Start of Data extracts

lemma weakly_disjoint_iff:
  "weakly_disjoint X T Y S \<longleftrightarrow>
     (\<forall>U U' V V'. opene X U \<longrightarrow> opene X U' \<longrightarrow> opene Y V \<longrightarrow> opene Y V' \<longrightarrow>
        hit_times T U U' \<inter> hit_times S V V' \<noteq> {})"
proof -
  have hit_times_Times:
    "hit_times (\<lambda>(x, y). (T x, S y)) (U \<times> V) (U' \<times> V') = hit_times T U U' \<inter> hit_times S V V'"
    for U U' V V' by (auto simp: hit_times_def funpow_map_prod)
  show ?thesis
    unfolding weakly_disjoint_def
  proof (intro iffI allI impI)
    fix U U' V V'
    assume wd: "\<forall>A B. opene (X \<times> Y) A \<longrightarrow> opene (X \<times> Y) B \<longrightarrow>
        hit_times (\<lambda>(x, y). (T x, S y)) A B \<noteq> {}"
      and "opene X U" "opene X U'" "opene Y V" "opene Y V'"
    then have "hit_times (\<lambda>(x, y). (T x, S y)) (U \<times> V) (U' \<times> V') \<noteq> {}"
      by (simp add: opene_Times)
    then show "hit_times T U U' \<inter> hit_times S V V' \<noteq> {}"
      by (simp add: hit_times_Times)
  next
    fix A B
    assume box: "\<forall>U U' V V'. opene X U \<longrightarrow> opene X U' \<longrightarrow> opene Y V \<longrightarrow> opene Y V' \<longrightarrow>
        hit_times T U U' \<inter> hit_times S V V' \<noteq> {}"
      and "opene (X \<times> Y) A" "opene (X \<times> Y) B"
    then obtain U V U' V' where UV: "opene X U" "opene Y V" "U \<times> V \<subseteq> A"
      and UV': "opene X U'" "opene Y V'" "U' \<times> V' \<subseteq> B"
      by (metis opene_Times_subset)
    have "hit_times (\<lambda>(x, y). (T x, S y)) (U \<times> V) (U' \<times> V') \<noteq> {}"
      using box UV UV' by (simp add: hit_times_Times)
    moreover have "hit_times (\<lambda>(x, y). (T x, S y)) (U \<times> V) (U' \<times> V') \<subseteq>
        hit_times (\<lambda>(x, y). (T x, S y)) A B"
      using UV(3) UV'(3) by (rule hit_times_mono)
    ultimately show "hit_times (\<lambda>(x, y). (T x, S y)) A B \<noteq> {}"
      by blast
  qed
qed

lemma weakly_disjoint_commute:
  "weakly_disjoint X T Y S \<longleftrightarrow> weakly_disjoint Y S X T"
  unfolding weakly_disjoint_iff by (simp add: Int_commute) blast

lemma dual_hit_family_iff:
  "F \<in> dual_family (hit_family Y S) \<longleftrightarrow>
     (\<forall>V W. opene Y V \<longrightarrow> opene Y W \<longrightarrow> F \<inter> hit_times S V W \<noteq> {})"
  unfolding dual_family_def hit_family_def by blast

lemma Tran_dual_hit_family_iff:
  "x \<in> Tran (dual_family (hit_family Y S)) X T \<longleftrightarrow> x \<in> X \<and>
     (\<forall>U V W. opene X U \<longrightarrow> opene Y V \<longrightarrow> opene Y W \<longrightarrow>
        visit_times T x U \<inter> hit_times S V W \<noteq> {})"
  unfolding Tran_def dual_hit_family_iff by blast
(* Let $\mathbb{P}=\langle \mathit{PF},\Pi\rangle$ be a well-defined ground ProbLog program and let $\mathbb{P}'$ be the $\mathrm{LP}^{\mathrm{MLN}}$ program containing, for each probabilistic fact $pr::a$ in $\mathit{PF}$: the rules $\ln(pr):\ a$ and $\ln(1-pr):\ \bot\leftarrow a$ if $0<pr<1$; the rule $\alpha:\ a$ if $pr=1$; the rule $\alpha:\ \bot\leftarrow a$ if $pr=0$; and containing $\alpha:R$ for each rule $R\in\Pi$. Then $\mathbb{P}$ and $\mathbb{P}'$ have the same probability distribution over all interpretations: $P_{\mathbb{P}}(I)=P_{\mathbb{P}'}(I)$ for every interpretation $I$.
   Context: Interpretations are sets of ground atoms of a signature $\sigma$ with finitely many ground atoms. Ground atoms are divided into probabilistic atoms and derived atoms. A ground ProbLog program $\mathbb{P}=\langle\mathit{PF},\Pi\rangle$ consists of a set $\mathit{PF}$ of probabilistic facts $pr::a$ ($a$ a probabilistic atom, $pr\in[0,1]$ its probability $pr(a)$), and a set $\Pi$ of ground normal rules $A\leftarrow B_1,\dots,B_m,\mathit{not}\ B_{m+1},\dots,\mathit{not}\ B_n$ with $A$ not a probabilistic atom. A total choice $\mathit{TC}$ is a subset of the probabilistic atoms, with probability $\Pr_{\mathbb{P}}(\mathit{TC})=\prod_{a\in\mathit{TC}}pr(a)\cdot\prod_{b\notin \mathit{TC}}(1-pr(b))$ ($b$ ranging over probabilistic atoms). $\mathbb{P}$ is well-defined if for each total choice $\mathit{TC}$, $\Pi\cup\mathit{TC}$ has a total (two-valued) well-founded model. For such $\mathbb{P}$, $P_{\mathbb{P}}(I)=\Pr_{\mathbb{P}}(\mathit{TC})$ if there is a total choice $\mathit{TC}$ such that $I$ is the total well-founded model of $\Pi\cup\mathit{TC}$, and $0$ otherwise. A formula is negative if every atom occurrence is in the scope of negation. A rule has the form $A\leftarrow B\wedge N$ ($A$ a possibly empty disjunction of atoms, $B$ a conjunction of atoms, $N$ a negative formula; $\mathit{not}$ is $\neg$). The reduct $\Pi^I$ of a ground program consists of $A\leftarrow B$ for rules with $I\models N$; $I$ is a stable model if it is a minimal model of $\Pi^I$. An $\mathrm{LP}^{\mathrm{MLN}}$ program is a finite set of weighted rules $w:R$ ($w$ real or the symbol $\alpha$); $\Pi_I=\{w:R\mid I\models R\}$; $\mathrm{SM}[\Pi]=\{I\mid I$ stable model of the unweighted $\Pi_I\}$; $W_\Pi(I)=\exp(\sum_{w:R\in\Pi_I}w)$ if $I\in\mathrm{SM}[\Pi]$, else $0$; $P_\Pi(I)=\lim_{\alpha\to\infty}W_\Pi(I)/\sum_{J\in\mathrm{SM}[\Pi]}W_\Pi(J)$. *)

theory Defs
  imports Complex_Main
begin

datatype 'a nrule = NRule (nhead: 'a) (npos: "'a set") (nneg: "'a set")

definition tp :: "('a \<times> 'a set) set \<Rightarrow> 'a set \<Rightarrow> 'a set" where
  "tp P X = {h. \<exists>B. (h, B) \<in> P \<and> B \<subseteq> X}"

definition least_model :: "('a \<times> 'a set) set \<Rightarrow> 'a set" where
  "least_model P = lfp (tp P)"

definition gl_op :: "'a nrule set \<Rightarrow> 'a set \<Rightarrow> 'a set" where
  "gl_op \<Pi> J = least_model {(nhead r, npos r) | r. r \<in> \<Pi> \<and> nneg r \<inter> J = {}}"

(* well-founded model via the alternating fixpoint (Van Gelder):
   true atoms = lfp of Gamma^2, non-false atoms = Gamma(true atoms) *)
definition wf_true :: "'a nrule set \<Rightarrow> 'a set" where
  "wf_true \<Pi> = lfp (\<lambda>J. gl_op \<Pi> (gl_op \<Pi> J))"

definition wf_nonfalse :: "'a nrule set \<Rightarrow> 'a set" where
  "wf_nonfalse \<Pi> = gl_op \<Pi> (wf_true \<Pi>)"

definition wf_total :: "'a nrule set \<Rightarrow> bool" where
  "wf_total \<Pi> \<longleftrightarrow> wf_true \<Pi> = wf_nonfalse \<Pi>"

(* A ProbLog program is given by the finite set PA of probabilistic atoms, the
   probability function pr (probabilistic fact  pr a :: a  for a in PA), and
   the set of rules Pi. *)
definition problog_program :: "'a set \<Rightarrow> ('a \<Rightarrow> real) \<Rightarrow> 'a nrule set \<Rightarrow> bool" where
  "problog_program PA pr \<Pi> \<longleftrightarrow> finite PA \<and> finite \<Pi> \<and>
     (\<forall>a\<in>PA. 0 \<le> pr a \<and> pr a \<le> 1) \<and>
     (\<forall>r\<in>\<Pi>. nhead r \<notin> PA \<and> finite (npos r) \<and> finite (nneg r))"

definition with_choice :: "'a nrule set \<Rightarrow> 'a set \<Rightarrow> 'a nrule set" where
  "with_choice \<Pi> TC = \<Pi> \<union> {NRule a {} {} | a. a \<in> TC}"

definition tc_prob :: "'a set \<Rightarrow> ('a \<Rightarrow> real) \<Rightarrow> 'a set \<Rightarrow> real" where
  "tc_prob PA pr TC = (\<Prod>a\<in>TC. pr a) * (\<Prod>b\<in>PA - TC. 1 - pr b)"
(*
  Fix a vertex v of \<Delta>, let c be the centroid of \<Delta>', N = d + 1 and \<epsilon> = 2\<beta> + \<beta>\<^sup>2. The weights
  \<theta> w = 1 + \<epsilon> - |v - w|\<^sup>2 of the vertices w of \<Delta>' are nonnegative by the diameter bound. The
  centred vertices of a regular simplex form a tight frame, so \<Sum>\<theta> = 1 + \<alpha> and
  \<Sum>\<theta>\<^sup>2 = 1 + 2\<epsilon> + \<alpha>\<^sup>2 / N depend on v only through the excess \<alpha> = N (\<epsilon> - |v - c|\<^sup>2) + d / 2.
  As \<Sum>\<theta>\<^sup>2 \<le> (\<Sum>\<theta>)\<^sup>2, every excess is at least about \<epsilon> / 2, while by the parallel axis theorem
  the excesses of the vertices of \<Delta> add up to at most N\<^sup>2 \<epsilon>. Hence \<Sum>\<theta>\<^sup>2 is close to
  (\<Sum>\<theta>)\<^sup>2, which forces a single weight \<theta> w to carry almost all of the mass:
  |v - w|\<^sup>2 = 1 + \<epsilon> - \<theta> w is of order \<beta>\<^sup>2.
*)

theory Submission
  imports Defs
begin

definition centroid :: "'a::real_vector set \<Rightarrow> 'a" where
  "centroid S = (1 / real (card S)) *\<^sub>R \<Sum>S"

lemma sum_diff_centroid:
  assumes "finite S" "S \<noteq> {}"
  shows "(\<Sum>b\<in>S. b - centroid S) = 0"
  using assms by (simp add: sum_subtractf centroid_def sum_constant_scaleR)

lemma sum_power2_dist_centroid:
  fixes x :: "'a::real_inner"
  assumes "finite S" "S \<noteq> {}"
  shows "(\<Sum>b\<in>S. (norm (x - b))\<^sup>2) =
    real (card S) * (norm (x - centroid S))\<^sup>2 + (\<Sum>b\<in>S. (norm (b - centroid S))\<^sup>2)"
proof -
  let ?c = "centroid S"
  have "(\<Sum>b\<in>S. (norm (x - b))\<^sup>2) =
      (\<Sum>b\<in>S. (norm (x - ?c))\<^sup>2 - 2 * ((x - ?c) \<bullet> (b - ?c)) + (norm (b - ?c))\<^sup>2)"
  proof (rule sum.cong)
    fix b
    have "x - b = (x - ?c) - (b - ?c)" by simp
    then show "(norm (x - b))\<^sup>2 = (norm (x - ?c))\<^sup>2 - 2 * ((x - ?c) \<bullet> (b - ?c)) + (norm (b - ?c))\<^sup>2"
      by (simp add: power2_norm_eq_inner inner_diff_left inner_diff_right inner_commute algebra_simps)
  qed simp
  also have "\<dots> = real (card S) * (norm (x - ?c))\<^sup>2 - 2 * (\<Sum>b\<in>S. (x - ?c) \<bullet> (b - ?c))
      + (\<Sum>b\<in>S. (norm (b - ?c))\<^sup>2)"
    by (simp add: sum.distrib sum_subtractf sum_distrib_left)
  also have "(\<Sum>b\<in>S. (x - ?c) \<bullet> (b - ?c)) = 0"
    by (simp add: sum_diff_centroid[OF assms] flip: inner_sum_right)
  finally show ?thesis by simp
qed

lemma equiangular_independent:
  fixes B :: "'a::real_inner set"
  assumes "finite B"
    and norm: "\<And>b. b \<in> B \<Longrightarrow> b \<bullet> b = a"
    and angle: "\<And>b b'. b \<in> B \<Longrightarrow> b' \<in> B \<Longrightarrow> b \<noteq> b' \<Longrightarrow> b \<bullet> b' = e"
    and "a \<noteq> e" and "a + (real (card B) - 1) * e \<noteq> 0"
  shows "independent B"
proof -
  have "\<forall>v\<in>B. u v = 0" if u: "(\<Sum>v\<in>B. u v *\<^sub>R v) = 0" for u
  proof -
    have coeff: "u b * (a - e) + e * sum u B = 0" if b: "b \<in> B" for b
    proof -
      have "0 = b \<bullet> (\<Sum>v\<in>B. u v *\<^sub>R v)" using u by simp
      also have "\<dots> = (\<Sum>v\<in>B. u v * (b \<bullet> v))" by (simp add: inner_sum_right)
      also have "\<dots> = (\<Sum>v\<in>B. u v * e + (if v = b then u v * (a - e) else 0))"
        using norm angle b by (intro sum.cong) (auto simp: algebra_simps)
      also have "\<dots> = e * sum u B + u b * (a - e)"
        using b \<open>finite B\<close> by (simp add: sum.distrib sum_distrib_left mult.commute)
      finally show ?thesis by simp
    qed
    then have "(\<Sum>b\<in>B. u b * (a - e) + e * sum u B) = 0" by simp
    moreover have "(\<Sum>b\<in>B. u b * (a - e) + e * sum u B) =
        sum u B * (a - e) + real (card B) * (e * sum u B)"
      by (simp add: sum.distrib flip: sum_distrib_right)
    ultimately have "sum u B * (a + (real (card B) - 1) * e) = 0"
      by (simp add: algebra_simps)
    then have "sum u B = 0" using assms(5) by simp
    then show ?thesis using coeff \<open>a \<noteq> e\<close> by auto
  qed
  then show ?thesis using real_vector.dependent_finite[OF \<open>finite B\<close>] by auto
qed

lemma sum_power2_le_power2_sum:
  fixes f :: "'b \<Rightarrow> real"
  assumes "\<And>i. i \<in> A \<Longrightarrow> 0 \<le> f i"
  shows "(\<Sum>i\<in>A. (f i)\<^sup>2) \<le> (sum f A)\<^sup>2"
proof -
  have "L2_set f A \<le> sum f A"
    using assms by (rule L2_set_le_sum)
  then show ?thesis
    unfolding L2_set_def by (rule sqrt_le_D)
qed

lemma exists_dominant_term:
  fixes f :: "'b \<Rightarrow> real"
  assumes "finite J" "J \<noteq> {}" and nonneg: "\<And>i. i \<in> J \<Longrightarrow> 0 \<le> f i"
  shows "\<exists>j\<in>J. sum f J \<le> real (card J) * f j \<and> f j \<le> sum f J \<and>
    (\<Sum>i\<in>J. (f i)\<^sup>2) \<le> (f j)\<^sup>2 + (sum f J - f j)\<^sup>2"
proof -
  have "Max (f ` J) \<in> f ` J"
    using assms by simp
  then obtain j where "j \<in> J" and j_max: "f j = Max (f ` J)"
    by auto
  have "sum f J \<le> (\<Sum>i\<in>J. f j)"
    using assms j_max by (intro sum_mono) simp
  moreover have "f j \<le> sum f J"
    using \<open>j \<in> J\<close> assms by (intro member_le_sum) auto
  moreover have "(\<Sum>i\<in>J - {j}. (f i)\<^sup>2) \<le> (sum f (J - {j}))\<^sup>2"
    using nonneg by (intro sum_power2_le_power2_sum) auto
  then have "(\<Sum>i\<in>J. (f i)\<^sup>2) \<le> (f j)\<^sup>2 + (sum f J - f j)\<^sup>2"
    using \<open>j \<in> J\<close> \<open>finite J\<close> by (simp add: sum.remove)
  ultimately show ?thesis
    using \<open>j \<in> J\<close> by auto
qed

lemma unit_regular_simplexD:
  assumes "unit_regular_simplex (S::'a::euclidean_space set)"
  shows "finite S" "card S = DIM('a) + 1" "S \<noteq> {}"
  using assms unfolding unit_regular_simplex_def by auto

lemma unit_regular_simplex_norm_diff:
  assumes "unit_regular_simplex (S::'a::euclidean_space set)" "a \<in> S" "b \<in> S" "a \<noteq> b"
  shows "norm (a - b) = 1"
  using assms unfolding unit_regular_simplex_def by (auto simp: dist_norm)

lemma unit_regular_simplex_sum_power2_dist:
  assumes S: "unit_regular_simplex (S::'a::euclidean_space set)" and "a \<in> S"
  shows "(\<Sum>b\<in>S. (norm (a - b))\<^sup>2) = real DIM('a)"
proof -
  have "(\<Sum>b\<in>S. (norm (a - b))\<^sup>2) = (\<Sum>b\<in>S - {a}. (norm (a - b))\<^sup>2)"
    using unit_regular_simplexD(1)[OF S] \<open>a \<in> S\<close> by (simp add: sum.remove)
  also have "\<dots> = (\<Sum>b\<in>S - {a}. 1)"
    using unit_regular_simplex_norm_diff[OF S \<open>a \<in> S\<close>] by (intro sum.cong) auto
  finally show ?thesis
    using unit_regular_simplexD[OF S] \<open>a \<in> S\<close> by simp
qed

End of Data extracts

→ Your assignment
An exact copy of the lines above, from the one containing "A \<le> sum" down to the one containing "ultimately show ?thesis" and including both, is the whole answer; retype it and nothing else.

→ Solution to the exercise
  have "L2_set f A \<le> sum f A"
    using assms by (rule L2_set_le_sum)
  then show ?thesis
    unfolding L2_set_def by (rule sqrt_le_D)
qed

lemma exists_dominant_term:
  fixes f :: "'b \<Rightarrow> real"
  assumes "finite J" "J \<noteq> {}" and nonneg: "\<And>i. i \<in> J \<Longrightarrow> 0 \<le> f i"
  shows "\<exists>j\<in>J. sum f J \<le> real (card J) * f j \<and> f j \<le> sum f J \<and>
    (\<Sum>i\<in>J. (f i)\<^sup>2) \<le> (f j)\<^sup>2 + (sum f J - f j)\<^sup>2"
proof -
  have "Max (f ` J) \<in> f ` J"
    using assms by simp
  then obtain j where "j \<in> J" and j_max: "f j = Max (f ` J)"
    by auto
  have "sum f J \<le> (\<Sum>i\<in>J. f j)"
    using assms j_max by (intro sum_mono) simp
  moreover have "f j \<le> sum f J"
    using \<open>j \<in> J\<close> assms by (intro member_le_sum) auto
  moreover have "(\<Sum>i\<in>J - {j}. (f i)\<^sup>2) \<le> (sum f (J - {j}))\<^sup>2"
    using nonneg by (intro sum_power2_le_power2_sum) auto
  then have "(\<Sum>i\<in>J. (f i)\<^sup>2) \<le> (f j)\<^sup>2 + (sum f J - f j)\<^sup>2"
    using \<open>j \<in> J\<close> \<open>finite J\<close> by (simp add: sum.remove)
  ultimately show ?thesis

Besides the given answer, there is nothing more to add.